Volume 4 Supplement 1
O06 - The Chelsea, asthma and fresh fruit intake in children (CHAFFINCH) trial – pilot study
© Garcia-Larsen et al; licensee BioMed Central Ltd. 2014
Published: 28 February 2014
Observational evidence suggests that intake of fruits, and of dietary antioxidants would be protective against symptoms and severity of asthma in children. Intervention studies with single or combined antioxidant supplements have so far been disappointing. To date, there have been no interventions using fresh fruit on asthmatic children. We plan to carry out a 3 month randomised controlled trial (RCT) in 360 children, to establish whether increasing fruit intake could be useful in the management of childhood asthma.
Objective of the Pilot
To assess recruitment strategy, follow-up, tolerance to respiratory and biomarker tests, and fruit intake compliance (FIC).
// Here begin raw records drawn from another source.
lemma branch_sign_sq: "(branch_sign y)^2 = 1"
  by (simp add: branch_sign_def flip_sign_sq power2_eq_square)

lemma branch_sign_edge:
  assumes e: "{y, z} \<in> E" and not_moved: "\<forall>x\<in>X. {y, z} \<noteq> {u, x}"
  shows "branch_sign y = branch_sign z"
proof (cases "\<exists>x\<in>X. y \<in> branch E u x \<or> z \<in> branch E u x")
  case True
  then obtain x where x: "x \<in> X" and yz: "y \<in> branch E u x \<or> z \<in> branch E u x" by blast
  have e': "{z, y} \<in> E" using e by (simp add: insert_commute)
  have "y \<in> branch E u x \<and> z \<in> branch E u x"
  proof (rule ccontr)
    assume "\<not> (y \<in> branch E u x \<and> z \<in> branch E u x)"
    then have "(y = x \<and> z = u) \<or> (z = x \<and> y = u)"
      using yz branch_leave[OF x _ e] branch_leave[OF x _ e'] by blast
    with not_moved x show False by (auto simp: insert_commute)
  qed
  then show ?thesis using branch_sign_in[OF x] by simp
next
  case False
  then show ?thesis using branch_sign_out by simp
qed

definition f_tilde :: "'a \<Rightarrow> real" where
  "f_tilde y = branch_sign y * f y"

lemma f_tilde_supported: "supported V f_tilde"
  using f_supported by (simp add: supported_def f_tilde_def)

lemma norm2_f_tilde: "norm2 V f_tilde = norm2 V f"
  unfolding norm2_def f_tilde_def
  by (rule sum.cong[OF refl]) (simp add: power_mult_distrib branch_sign_sq)

lemma f_tilde_in: "x \<in> X \<Longrightarrow> y \<in> branch E u x \<Longrightarrow> f_tilde y = flip_sign x * f y"
  by (simp add: f_tilde_def branch_sign_in)

lemma f_tilde_out: "\<forall>x\<in>X. y \<notin> branch E u x \<Longrightarrow> f_tilde y = f y"
  by (simp add: f_tilde_def branch_sign_out)

lemma f_tilde_X: "x \<in> X \<Longrightarrow> f_tilde x = flip_sign x * f x"
  using f_tilde_in in_own_branch by blast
32 children aged 6 to 10 years old with mild to severe asthma were recruited and randomly allocated to one of the following fruit groups daily, for a month, in addition to their usual diet: 1) an apple, 2) a banana, 3) an apple and a banana, 4) control. Quality of life, lung function, and inflammation were measured with the Juniper Asthma Quality of Life Questionnaire (JAQoLQ), pre- and post- bronchodilator spirometry, and exhaled nitric oxide (eNO), respectively, at baseline and at follow-up. FIC was measured through a dietary questionnaire (DQ) and sticker charts. Urinary metabolomic analyses (UMA) were carried out to identify specific metabolites of fruit intake.
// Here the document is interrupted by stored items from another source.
lemma outage_upper_order:
  fixes M :: "'a measure" and \<alpha> :: "node \<Rightarrow> node \<Rightarrow> 'a \<Rightarrow> complex" and r :: real
  assumes M: "prob_space M"
    and indep: "prob_space.indep_vars M (\<lambda>_. borel) (\<lambda>l. \<alpha> (fst l) (snd l)) links"
    and distr: "\<And>i j. (i, j) \<in> links \<Longrightarrow> distributed M lborel (\<alpha> i j) (cgauss_density (\<sigma>2 i j))"
    and var_pos: "\<And>i j. (i, j) \<in> links \<Longrightarrow> \<sigma>2 i j > 0"
    and Bw: "Bw > 0"
    and avg: "\<And>\<rho> u v. \<rho> \<ge> 0 \<Longrightarrow>
       Bw * ln (1 + \<rho> * max ((cmod u)\<^sup>2) ((cmod v)\<^sup>2)) - C \<le> freq_gain \<rho> Bw (tau R1) (tau R2) u v"
    and snr: "0 < snr" "1 \<le> \<sigma>2 S D * snr" and r: "0 \<le> r" "r \<le> 1 / 2"
  shows "outage_prob M \<alpha> \<sigma>2 r Bw tau snr \<le> 128 * (exp (C / Bw))\<^sup>2
           * (27 * (\<sigma>2 S D)\<^sup>2 / (8 * \<sigma>2 R1 D * \<sigma>2 R2 D)) * (\<sigma>2 S D * snr) powr (- (3 - 4 * r))"
proof -
  define K y where "K = 32 * (exp (C / Bw))\<^sup>2 * (27 * (\<sigma>2 S D)\<^sup>2 / (8 * \<sigma>2 R1 D * \<sigma>2 R2 D))"
    and "y = \<sigma>2 S D * snr"
  have s: "\<sigma>2 S D > 0" "\<sigma>2 R1 D > 0" "\<sigma>2 R2 D > 0" by (auto intro!: var_pos simp: links_def)
  then have "K \<ge> 0" unfolding K_def by simp
  have "outage_prob M \<alpha> \<sigma>2 r Bw tau snr
      \<le> 32 * (exp (C / Bw) * exp (2 * rate r (\<sigma>2 S D) snr))\<^sup>2 / (rho0 snr ^ 3 * \<sigma>2 S D * \<sigma>2 R1 D * \<sigma>2 R2 D)"
    by (rule outage_upper_bound[OF M indep distr var_pos Bw snr(1) avg])
  also have "\<dots> = 32 * (exp (C / Bw))\<^sup>2
      * ((exp (2 * rate r (\<sigma>2 S D) snr))\<^sup>2 / (rho0 snr ^ 3 * \<sigma>2 S D * \<sigma>2 R1 D * \<sigma>2 R2 D))"
    by (simp add: power_mult_distrib)
  also have "\<dots> = K * ((1 + y) powr (4 * r) / y ^ 3)"
    unfolding K_def y_def using outage_scale[OF snr(1) s] by simp
  also have "\<dots> \<le> K * (4 * y powr (- (3 - 4 * r)))"
    using snr_power_sandwich(2)[of y r] snr r \<open>K \<ge> 0\<close> unfolding y_def by (intro mult_left_mono) auto
  finally show ?thesis unfolding K_def y_def by simp
qed

lemma outage_lower_order:
  fixes M :: "'a measure" and \<alpha> :: "node \<Rightarrow> node \<Rightarrow> 'a \<Rightarrow> complex" and r :: real
  assumes M: "prob_space M"
    and indep: "prob_space.indep_vars M (\<lambda>_. borel) (\<lambda>l. \<alpha> (fst l) (snd l)) links"
    and distr: "\<And>i j. (i, j) \<in> links \<Longrightarrow> distributed M lborel (\<alpha> i j) (cgauss_density (\<sigma>2 i j))"
    and var_pos: "\<And>i j. (i, j) \<in> links \<Longrightarrow> \<sigma>2 i j > 0"
    and Bw: "Bw > 0" and snr: "0 < snr" "1 \<le> \<sigma>2 S D * snr" and r: "0 \<le> r" "r \<le> 1 / 2"
  defines "Q \<equiv> (1 + \<sigma>2 S D * snr) powr (2 * r)"
  assumes Q4: "4 < Q" and direct: "1 / (2 / 3 * snr) \<le> \<sigma>2 S D"
    and small: "Q / (2 / 3 * snr) \<le> min (min (16 * \<sigma>2 R1 D) (16 * \<sigma>2 R2 D)) (min (\<sigma>2 S R1 / 4) (\<sigma>2 S R2 / 4))"
  shows "27 * (\<sigma>2 S D)\<^sup>2 / (8 * \<sigma>2 R1 D * \<sigma>2 R2 D) / 221184 * (\<sigma>2 S D * snr) powr (- (3 - 4 * r))
           \<le> outage_prob M \<alpha> \<sigma>2 r Bw tau snr"
proof -
  define \<kappa> y where "\<kappa> = 27 * (\<sigma>2 S D)\<^sup>2 / (8 * \<sigma>2 R1 D * \<sigma>2 R2 D) / 221184" and "y = \<sigma>2 S D * snr"
  have s: "\<sigma>2 S D > 0" "\<sigma>2 R1 D > 0" "\<sigma>2 R2 D > 0" by (auto intro!: var_pos simp: links_def)
  then have "\<kappa> \<ge> 0" unfolding \<kappa>_def by simp
  have Q: "exp (2 * rate r (\<sigma>2 S D) snr) = Q" and \<rho>: "rho0 snr = 2 / 3 * snr"
    unfolding Q_def using snr s by (simp_all add: exp_two_rate rho0_def)
  have "\<kappa> * y powr (- (3 - 4 * r)) \<le> \<kappa> * ((1 + y) powr (4 * r) / y ^ 3)"
    using snr_power_sandwich(1)[of y r] snr r \<open>\<kappa> \<ge> 0\<close> unfolding y_def by (intro mult_left_mono) auto
  also have "\<dots> = (exp (2 * rate r (\<sigma>2 S D) snr))\<^sup>2 / (221184 * rho0 snr ^ 3 * \<sigma>2 S D * \<sigma>2 R1 D * \<sigma>2 R2 D)"
    using outage_scale[OF snr(1) s, of r] unfolding \<kappa>_def y_def by simp
  also have "\<dots> \<le> outage_prob M \<alpha> \<sigma>2 r Bw tau snr"
    using Q4 direct small unfolding Q[symmetric] \<rho>[symmetric]
    by (intro outage_lower_bound[OF M indep distr var_pos Bw snr(1)]) auto
  finally show ?thesis unfolding \<kappa>_def y_def .
qed

lemma outage_order_distinct_delays:
  fixes M :: "'a measure" and \<alpha> :: "node \<Rightarrow> node \<Rightarrow> 'a \<Rightarrow> complex"
  assumes M: "prob_space M"
    and indep: "prob_space.indep_vars M (\<lambda>_. borel) (\<lambda>l. \<alpha> (fst l) (snd l)) links"
    and distr: "\<And>i j. (i, j) \<in> links \<Longrightarrow> distributed M lborel (\<alpha> i j) (cgauss_density (\<sigma>2 i j))"
    and var_pos: "\<And>i j. (i, j) \<in> links \<Longrightarrow> \<sigma>2 i j > 0"
    and r: "0 < r" "r < 1 / 2" and Bw: "Bw > 0" and delays: "tau R1 \<noteq> tau R2"
  shows "\<exists>c1 c2. c1 > 0 \<and> c2 > 0 \<and>
    (\<forall>\<^sub>F snr in at_top. c1 * (\<sigma>2 S D * snr) powr (- (3 - 4 * r)) \<le> outage_prob M \<alpha> \<sigma>2 r Bw tau snr
                      \<and> outage_prob M \<alpha> \<sigma>2 r Bw tau snr \<le> c2 * (\<sigma>2 S D * snr) powr (- (3 - 4 * r)))"
proof -
  obtain C where avg: "\<And>\<rho> u v. \<rho> \<ge> 0 \<Longrightarrow>
      Bw * ln (1 + \<rho> * max ((cmod u)\<^sup>2) ((cmod v)\<^sup>2)) - C \<le> freq_gain \<rho> Bw (tau R1) (tau R2) u v"
    using freq_gain_lower[OF Bw delays] by metis
  define \<kappa> where "\<kappa> = 27 * (\<sigma>2 S D)\<^sup>2 / (8 * \<sigma>2 R1 D * \<sigma>2 R2 D)"
  define m where "m = min (min (16 * \<sigma>2 R1 D) (16 * \<sigma>2 R2 D)) (min (\<sigma>2 S R1 / 4) (\<sigma>2 S R2 / 4))"
  have s: "\<sigma>2 S D > 0" "\<sigma>2 R1 D > 0" "\<sigma>2 R2 D > 0" "\<sigma>2 S R1 > 0" "\<sigma>2 S R2 > 0"
    by (auto intro!: var_pos simp: links_def)
  then have "\<kappa> > 0" "m > 0" unfolding \<kappa>_def m_def by auto
  have "\<forall>\<^sub>F snr in at_top. 0 < snr \<and> 1 \<le> \<sigma>2 S D * snr \<and> 4 < (1 + \<sigma>2 S D * snr) powr (2 * r)
       \<and> 1 / (2 / 3 * snr) \<le> \<sigma>2 S D \<and> (1 + \<sigma>2 S D * snr) powr (2 * r) / (2 / 3 * snr) \<le> m"
    using s(1) r \<open>m > 0\<close> by (intro eventually_conj; real_asymp)
  then have "\<forall>\<^sub>F snr in at_top.
      \<kappa> / 221184 * (\<sigma>2 S D * snr) powr (- (3 - 4 * r)) \<le> outage_prob M \<alpha> \<sigma>2 r Bw tau snr
      \<and> outage_prob M \<alpha> \<sigma>2 r Bw tau snr \<le> 128 * (exp (C / Bw))\<^sup>2 * \<kappa> * (\<sigma>2 S D * snr) powr (- (3 - 4 * r))"
    unfolding \<kappa>_def m_def
  proof eventually_elim
    case (elim snr)
    with r show ?case
      by (intro conjI outage_lower_order[OF M indep distr var_pos Bw]
          outage_upper_order[OF M indep distr var_pos Bw avg]) auto
  qed
  then show ?thesis using \<open>\<kappa> > 0\<close>
    by (intro exI[of _ "\<kappa> / 221184"] exI[of _ "128 * (exp (C / Bw))\<^sup>2 * \<kappa>"]) auto
qed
28 children (88%) completed all the tests at baseline and at follow-up. All children were able to perform satisfactory respiratory and eNO tests. Levels of eNO were 18% lower in groups 2 and 3 after the intervention. DQ and sticker charts were the best FIC methods, with a 96% adherence. UMA showed higher levels of polyphenol antioxidants after ingestion of fruits.
A RCT with fresh fruit is a feasible intervention in small children with various levels of asthma.
UK Clinical Research Governance Trial ID 11874. Funded by the BUPA Foundation.